"CBO Found Little Savings In Obama’s MedPAC Proposal, Now What?"
After the CBO’s Douglas Elmendorf suggested that the current health care bills do little to control long-term health care spending, the administration doubled down on its MedPAC-on-steroids proposal. Establish a panel of medical professionals, allow the new committee to push through MedPAC like payment reforms without too much Congressional interference and you ‘bend the cost curve,’ the administration enthusiastically argued.
But on Saturday, the CBO scored the President’s Independent Medicare Advisory Council (IMAC) proposal and identified few actual savings:
CBO estimates that enacting the proposal, as drafted, would yield savings of $2 billion over the 2010–2019 period (with all of the savings realized in fiscal years 2016 through 2019)….In CBO’s judgment, the probability is high that no savings would be realized, for reasons discussed below, but there is also a chance that substantial savings might be realized. Looking beyond the 10-year budget window, CBO expects that this proposal would generate larger but still modest savings on the same probabilistic basis.

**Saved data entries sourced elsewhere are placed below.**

lemma FF_gamma_inf:
  assumes G: "finite_group G"
  shows "FF \<gamma> (G\<lparr>carrier := gamma_inf \<gamma> G\<rparr>)"
proof -
  obtain n where "gamma_inf \<gamma> G = giter \<gamma> n G" "giter \<gamma> (Suc n) G = giter \<gamma> n G"
    using gamma_inf_stable[OF G] .
  then have "\<gamma> (G\<lparr>carrier := gamma_inf \<gamma> G\<rparr>) = gamma_inf \<gamma> G"
    by simp
  then show ?thesis
    unfolding FF_def using finite_group_normal[OF G gamma_inf_normal[OF G]] by simp
qed

lemma normal_FF_subset_giter:
  assumes G: "finite_group G" and H: "H \<lhd> G" "FF \<gamma> (G\<lparr>carrier := H\<rparr>)"
  shows "H \<subseteq> giter \<gamma> i G"
proof (induction i)
  case 0
  then show ?case
    using H normal_imp_subgroup subgroup.subset by fastforce
next
  case (Suc i)
  let ?N = "G\<lparr>carrier := giter \<gamma> i G\<rparr>"
  have "H \<lhd> ?N"
    using G H Suc giter_normal normal_imp_subgroup group.normal_restrict_supergroup
    unfolding finite_group_def by blast
  then have "\<gamma> (?N\<lparr>carrier := H\<rparr>) \<subseteq> \<gamma> ?N"
    using gamma_normal_subgroup_mono finite_group_normal[OF G giter_normal[OF G]] by blast
  then show ?case
    using H(2) unfolding FF_def by simp
qed

lemma normal_FF_subset_gamma_inf:
  "\<lbrakk>finite_group G; H \<lhd> G; FF \<gamma> (G\<lparr>carrier := H\<rparr>)\<rbrakk> \<Longrightarrow> H \<subseteq> gamma_inf \<gamma> G"
  unfolding gamma_inf_def using normal_FF_subset_giter by blast

lemma FF_eq_FF_gamma_inf: "FF \<gamma> = FF (gamma_inf \<gamma>)"
proof (intro ext iffI)
  fix G
  assume "FF \<gamma> G"
  then have "giter \<gamma> i G = carrier G" for i
    unfolding FF_def by (induction i) auto
  with \<open>FF \<gamma> G\<close> show "FF (gamma_inf \<gamma>) G"
    unfolding FF_def gamma_inf_def by auto
next
  fix G
  assume "FF (gamma_inf \<gamma>) G"
  moreover have "gamma_inf \<gamma> G \<subseteq> giter \<gamma> 1 G"
    unfolding gamma_inf_def by auto
  ultimately show "FF \<gamma> G"
    unfolding FF_iff_carrier_subset_gamma by (simp add: FF_def)
qed

lemma hom_image_closed_FF: "hom_image_closed (FF \<gamma>)"
  unfolding hom_image_closed_def
proof (intro allI impI, elim conjE)
  fix G H :: grp and f
  assume G: "FF \<gamma> G" and H: "finite_group H" and f: "f \<in> hom G H" "f ` carrier G = carrier H"
  then have "carrier H = f ` \<gamma> G"
    unfolding FF_def by simp
  also have "\<dots> \<subseteq> \<gamma> H"
    using G H f gamma_epi_image unfolding FF_def by blast
  finally show "FF \<gamma> H"
    using H unfolding FF_iff_carrier_subset_gamma by simp
qed

lemma N0_closed_FF: "N0_closed (FF \<gamma>)"
  unfolding N0_closed_def
proof (intro allI impI, elim conjE)
  fix G :: grp and N M
  assume G: "finite_group G" and N: "N \<lhd> G" "FF \<gamma> (G\<lparr>carrier := N\<rparr>)"
    and M: "M \<lhd> G" "FF \<gamma> (G\<lparr>carrier := M\<rparr>)" and NM: "N <#>\<^bsub>G\<^esub> M = carrier G"
  have "N \<subseteq> \<gamma> G" "M \<subseteq> \<gamma> G"
    using gamma_normal_subgroup_mono[OF G N(1)] gamma_normal_subgroup_mono[OF G M(1)] N(2) M(2)
    unfolding FF_def by simp_all
  then have "N <#>\<^bsub>G\<^esub> M \<subseteq> \<gamma> G"
    using subgroup_gamma[OF G] unfolding set_mult_def by (auto intro: subgroup.m_closed)
  then show "FF \<gamma> G"
    using G NM unfolding FF_iff_carrier_subset_gamma by simp
qed

lemma X_radical_FF_eq_gamma_inf:
  assumes G: "finite_group G"
  shows "X_radical (FF \<gamma>) G = gamma_inf \<gamma> G"
  unfolding X_radical_def
proof
  show "generate G (\<Union> {H. H \<lhd> G \<and> FF \<gamma> (G\<lparr>carrier := H\<rparr>)}) \<subseteq> gamma_inf \<gamma> G"
  proof (rule group.generate_subgroup_incl)
    show "group G"
      using G unfolding finite_group_def by simp
    show "subgroup (gamma_inf \<gamma> G) G"
      using gamma_inf_normal[OF G] normal_imp_subgroup by blast
    show "\<Union> {H. H \<lhd> G \<and> FF \<gamma> (G\<lparr>carrier := H\<rparr>)} \<subseteq> gamma_inf \<gamma> G"
      using normal_FF_subset_gamma_inf[OF G] by blast
  qed
  show "gamma_inf \<gamma> G \<subseteq> generate G (\<Union> {H. H \<lhd> G \<and> FF \<gamma> (G\<lparr>carrier := H\<rparr>)})"
    using G gamma_inf_normal FF_gamma_inf by (blast intro: generate.incl)
qed

end

theorem proposition4:
  fixes \<gamma> :: "grp \<Rightarrow> nat set"
  assumes "F_functorial \<gamma>"
  shows "FF \<gamma> = FF (gamma_inf \<gamma>)
    \<and> hom_image_closed (FF \<gamma>)
    \<and> N0_closed (FF \<gamma>)
    \<and> (\<forall>G. finite_group G \<longrightarrow> X_radical (FF \<gamma>) G = gamma_inf \<gamma> G)"
  using FF_eq_FF_gamma_inf hom_image_closed_FF N0_closed_FF X_radical_FF_eq_gamma_inf assms
  by blast

end
lemma hamming_triangle:
  assumes "length U = length V" "length V = length W"
  shows "hamming U W \<le> hamming U V + hamming V W"
proof -
  let ?D = "\<lambda>A B. {i. i < length U \<and> A ! i \<noteq> B ! i}"
  have "hamming U W = card (?D U W)" "hamming U V = card (?D U V)" "hamming V W = card (?D V W)"
    using assms by (simp_all add: hamming_def)
  moreover have "card (?D U W) \<le> card (?D U V \<union> ?D V W)"
    by (intro card_mono) auto
  moreover have "card (?D U V \<union> ?D V W) \<le> card (?D U V) + card (?D V W)"
    by (rule card_Un_le)
  ultimately show ?thesis by linarith
qed

lemma hamming_eq_0_iff: "length U = length V \<Longrightarrow> hamming U V = 0 \<longleftrightarrow> U = V"
  by (auto simp: hamming_def list_eq_iff_nth_eq)

lemma hamming_list_update_le: "hamming xs (xs[j := x]) \<le> 1"
proof -
  have "{i. i < min (length xs) (length (xs[j := x])) \<and> xs ! i \<noteq> xs[j := x] ! i} \<subseteq> {j}"
    by (clarsimp, metis nth_list_update_neq)
  then have "card {i. i < min (length xs) (length (xs[j := x])) \<and> xs ! i \<noteq> xs[j := x] ! i} \<le> card {j}"
    by (intro card_mono) auto
  then show ?thesis unfolding hamming_def by simp
qed

lemma hamming_le_1_elsewhere_eq:
  assumes "length U = length V" "hamming U V \<le> 1" "c < length U" "U ! c \<noteq> V ! c"
    "k < length U" "k \<noteq> c"
  shows "U ! k = V ! k"
proof (rule ccontr)
  assume "U ! k \<noteq> V ! k"
  then have "{c, k} \<subseteq> {i. i < min (length U) (length V) \<and> U ! i \<noteq> V ! i}"
    using assms by auto
  then have "card {c, k} \<le> hamming U V"
    unfolding hamming_def by (intro card_mono) auto
  then show False using assms by simp
qed

lemma take_prefix_eq: "prefix p U \<Longrightarrow> k \<le> length p \<Longrightarrow> take k U = take k p"
  by (auto simp: prefix_def)

lemma le_LCP_iff:
  "k \<le> LCP U V \<longleftrightarrow> k \<le> length U \<and> k \<le> length V \<and> take k U = take k V"
proof -
  let ?p = "longest_common_prefix U V"
  have pU: "prefix ?p U" and pV: "prefix ?p V"
    by (rule longest_common_prefix_prefix1 longest_common_prefix_prefix2)+
  show ?thesis
  proof
    assume "k \<le> LCP U V"
    then have k: "k \<le> length ?p" by (simp add: LCP_def)
    then show "k \<le> length U \<and> k \<le> length V \<and> take k U = take k V"
      using take_prefix_eq[OF pU k] take_prefix_eq[OF pV k]
        prefix_length_le[OF pU] prefix_length_le[OF pV] by simp
  next
    assume k: "k \<le> length U \<and> k \<le> length V \<and> take k U = take k V"
    then have "prefix (take k U) ?p"
      by (metis longest_common_prefix_max_prefix take_is_prefix)
    then show "k \<le> LCP U V"
      using k prefix_length_le unfolding LCP_def by fastforce
  qed
qed

lemma window_eq_rev_take_append:
  assumes "s \<le> a" "a \<le> length X"
  shows "take (s + t) (drop (a - s) X) = rev (take s (rev (take a X))) @ take t (drop a X)"
proof -
  have "take (s + t) (drop (a - s) X) = take s (drop (a - s) X) @ take t (drop s (drop (a - s) X))"
    by (rule take_add)
  moreover have "take s (drop (a - s) X) = drop (a - s) (take a X)"
    using assms by (simp add: take_drop)
  moreover have "drop s (drop (a - s) X) = drop a X"
    using assms by simp
  ultimately show ?thesis
    using assms by (simp add: take_rev min_absorb2)
qed

lemma hamming_window_split:
  assumes "s \<le> a" "a \<le> length X" "s \<le> b" "b \<le> length Y"
  shows "hamming (take (s + t) (drop (a - s) X)) (take (s + t) (drop (b - s) Y)) =
    hamming (take s (rev (take a X))) (take s (rev (take b Y))) +
    hamming (take t (drop a X)) (take t (drop b Y))"
  using assms by (simp add: window_eq_rev_take_append hamming_append hamming_rev)

lemma LCF_set_finite:
  "finite {m. \<exists>i j. i + m \<le> length X \<and> j + m \<le> length Y \<and>
      hamming (take m (drop i X)) (take m (drop j Y)) \<le> k}"
  by (rule finite_subset[of _ "{..length X}"]) auto
instantiation fpoly :: (comm_ring_1) ring_1
begin
lift_definition zero_fpoly :: "'a fpoly" is "\<lambda>_. 0" by (rule fin_supp_zero)
lift_definition one_fpoly :: "'a fpoly" is "mono []" by (rule fin_supp_mono)
lift_definition plus_fpoly :: "'a fpoly \<Rightarrow> 'a fpoly \<Rightarrow> 'a fpoly" is "\<lambda>f h w. f w + h w"
  by (rule fin_supp_add)
lift_definition minus_fpoly :: "'a fpoly \<Rightarrow> 'a fpoly \<Rightarrow> 'a fpoly" is "\<lambda>f h w. f w - h w"
  by (rule fin_supp_diff)
lift_definition uminus_fpoly :: "'a fpoly \<Rightarrow> 'a fpoly" is "\<lambda>f w. - f w" by (rule fin_supp_uminus)
lift_definition times_fpoly :: "'a fpoly \<Rightarrow> 'a fpoly \<Rightarrow> 'a fpoly" is pmul by (rule fin_supp_pmul)
instance
proof
  fix a b c :: "'a fpoly"
  show "a + b + c = a + (b + c)" by transfer (simp add: add.assoc)
  show "a + b = b + a" by transfer (simp add: add.commute)
  show "0 + a = a" by transfer simp
  show "- a + a = 0" by transfer simp
  show "a - b = a + - b" by transfer simp
  show "a * b * c = a * (b * c)" by transfer (rule pmul_assoc)
  show "1 * a = a" by transfer (rule pmul_mono_Nil_left)
  show "a * 1 = a" by transfer (rule pmul_mono_Nil_right)
  show "(a + b) * c = a * c + b * c" by transfer (simp add: pmul_def distrib_right sum.distrib)
  show "a * (b + c) = a * b + a * c" by transfer (simp add: pmul_def distrib_left sum.distrib)
  show "(0::'a fpoly) \<noteq> 1" by transfer (auto simp: mono_def fun_eq_iff)
qed
end

lift_definition smult :: "'k::comm_ring_1 \<Rightarrow> 'k fpoly \<Rightarrow> 'k fpoly" is "\<lambda>c f w. c * f w"
  by (rule fin_supp_smult)

lift_definition monomial :: "nat list \<Rightarrow> 'k::comm_ring_1 fpoly" is mono by (rule fin_supp_mono)

lemma smult_mult_left [simp]: "smult c x * y = smult c (x * y)"
  by transfer (simp add: pmul_def sum_distrib_left mult.assoc)

lemma smult_mult_right [simp]: "x * smult c y = smult c (x * y)"
  by transfer (simp add: pmul_def sum_distrib_left mult.left_commute)

lemma smult_smult [simp]: "smult a (smult b x) = smult (a * b) x"
  by transfer (simp add: mult.assoc)

lemma smult_add_right [simp]: "smult a (x + y) = smult a x + smult a y"
  by transfer (simp add: distrib_left)

lemma smult_diff_right [simp]: "smult a (x - y) = smult a x - smult a y"
  by transfer (simp add: right_diff_distrib)

lemma smult_one [simp]: "smult 1 x = x"
  by transfer simp

lemma monomial_mult: "monomial u * monomial v = monomial (u @ v)"
  by transfer (rule pmul_mono_mono)

lemma coeff_add [simp]: "coeff (x + y) w = coeff x w + coeff y w" by transfer simp
lemma coeff_diff [simp]: "coeff (x - y) w = coeff x w - coeff y w" by transfer simp
lemma coeff_smult [simp]: "coeff (smult c x) w = c * coeff x w" by transfer simp
lemma coeff_monomial [simp]: "coeff (monomial u) w = (if w = u then 1 else 0)"
  by transfer (simp add: mono_def)

section \<open>The two-sided ideal generated by a set\<close>

lemma ideal_gen_pmul_left:
  assumes "x \<in> ideal_gen R" "fin_supp c"
  shows "pmul c x \<in> ideal_gen R"
  using assms(1)
proof induction
  case zero
  then show ?case by (simp add: pmul_def ideal_gen.zero)
next
  case (gen r a b)
  then show ?case
    using assms(2) by (simp add: pmul_assoc[symmetric] ideal_gen.gen fin_supp_pmul)
next
  case (add x y)
  then show ?case
    by (simp add: pmul_def distrib_left sum.distrib ideal_gen.add[unfolded pmul_def])
qed

lemma ideal_gen_pmul_right:
  assumes "x \<in> ideal_gen R" "fin_supp c"
  shows "pmul x c \<in> ideal_gen R"
  using assms(1)
proof induction
  case zero
  then show ?case by (simp add: pmul_def ideal_gen.zero)
next
  case (gen r a b)
  have "pmul (pmul (pmul a r) b) c = pmul (pmul a r) (pmul b c)" by (simp add: pmul_assoc)
  then show ?case using gen assms(2) by (simp add: ideal_gen.gen fin_supp_pmul)
next
  case (add x y)
  then show ?case
    by (simp add: pmul_def distrib_right sum.distrib ideal_gen.add[unfolded pmul_def])
qed

lemma ideal_gen_smult:
  assumes "x \<in> ideal_gen R"
  shows "(\<lambda>w. s * x w) \<in> ideal_gen R"
  using assms
proof induction
  case zero
  then show ?case by (simp add: ideal_gen.zero)
next
  case (gen r a b)
  have "(\<lambda>w. s * pmul (pmul a r) b w) = pmul (pmul (\<lambda>w. s * a w) r) b"
    by (simp add: pmul_smult_left)
  then show ?case using gen by (simp add: ideal_gen.gen fin_supp_smult)
next
  case (add x y)
  then show ?case using ideal_gen.add by (simp add: distrib_left)
qed

lemma ideal_gen_generator:
  assumes "(r :: 'k::comm_ring_1 ncpoly) \<in> R" "fin_supp r"
  shows "r \<in> ideal_gen R"
  using ideal_gen.gen[OF assms(1) fin_supp_mono[of "[]"] fin_supp_mono[of "[]"]]
  by (simp add: pmul_mono_Nil_left pmul_mono_Nil_right)

definition in_ideal :: "'k::comm_ring_1 ncpoly set \<Rightarrow> 'k fpoly \<Rightarrow> bool" where
  "in_ideal R x \<longleftrightarrow> coeff x \<in> ideal_gen R"

lemma in_ideal_zero: "in_ideal R 0"
  unfolding in_ideal_def zero_fpoly.rep_eq by (rule ideal_gen.zero)

lemma in_ideal_add: "in_ideal R x \<Longrightarrow> in_ideal R y \<Longrightarrow> in_ideal R (x + y)"
  unfolding in_ideal_def plus_fpoly.rep_eq by (rule ideal_gen.add)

The estimate does not come as a great shock. As Jonathan Cohn explains, as far as the CBO is concerned, “there are a few changes guaranteed to bring down costs significantly over the long run: Change the tax exclusion for group health insurance, so that employers and employees alike have less incentive to purchase generous insurance; write into the law some kind of budget limit on federal health spending, perhaps in the form of automatic spending reductions that go into effect should federal spending get too high; force changes in the way health care is delivered, by pushing doctors into group practices that pay based on salary; change Medicare so that even senior citizens with generous Medigap plans have to pay higher cost-sharing.”
Cohn then suggests that the administration can either strengthen the proposal to achieve a higher CBO score or “ignore the CBO, given the inherent uncertainty in these projections, and to push ahead with the reform plans as they are already written.” Another alternative would be for the White House to produce its own report, in which former CBO chief Peter Orszag could explain why he believes IMAC is such a “game changer” and how the CBO has “a bias toward exaggerating costs and underestimating savings.” In other words, Orszag could defend the proposal and explain how it would produce system-wide savings.
Or, alternatively, as Cohn notes, the administration can design what David Cutler and Judy Feder have called a “fail safe option” that would kick in if productivity improvements, investments in health information technology and payment system reforms fail to slow the growth of health care spending and lower costs. Here is Feder explaining the proposal on CSPAN:
A commission would monitor health care spending and, if we’re spending more than a set target on health care, the panel would work to control spending by placing limits on Medicare spending, and controlling private spending. If the “trigger” is pulled, the actions would be self-executing (unless Congress overturns them), selected by experts (whether a commission or the Secretary of HHS) from a menu of pre-determined, scorable options, and consistent with savings throughout the system (not just shifting costs from government to private payers). Some in Congress may resent the sudden loss of authority, but this kind of mechanism would free the board from the politics of the moment, score better with the CBO (since we are now using a specific target of growth) and could even provide some much needed cover to the Blue Dogs who are oh-so-concerned about deficits and out of control health care spending.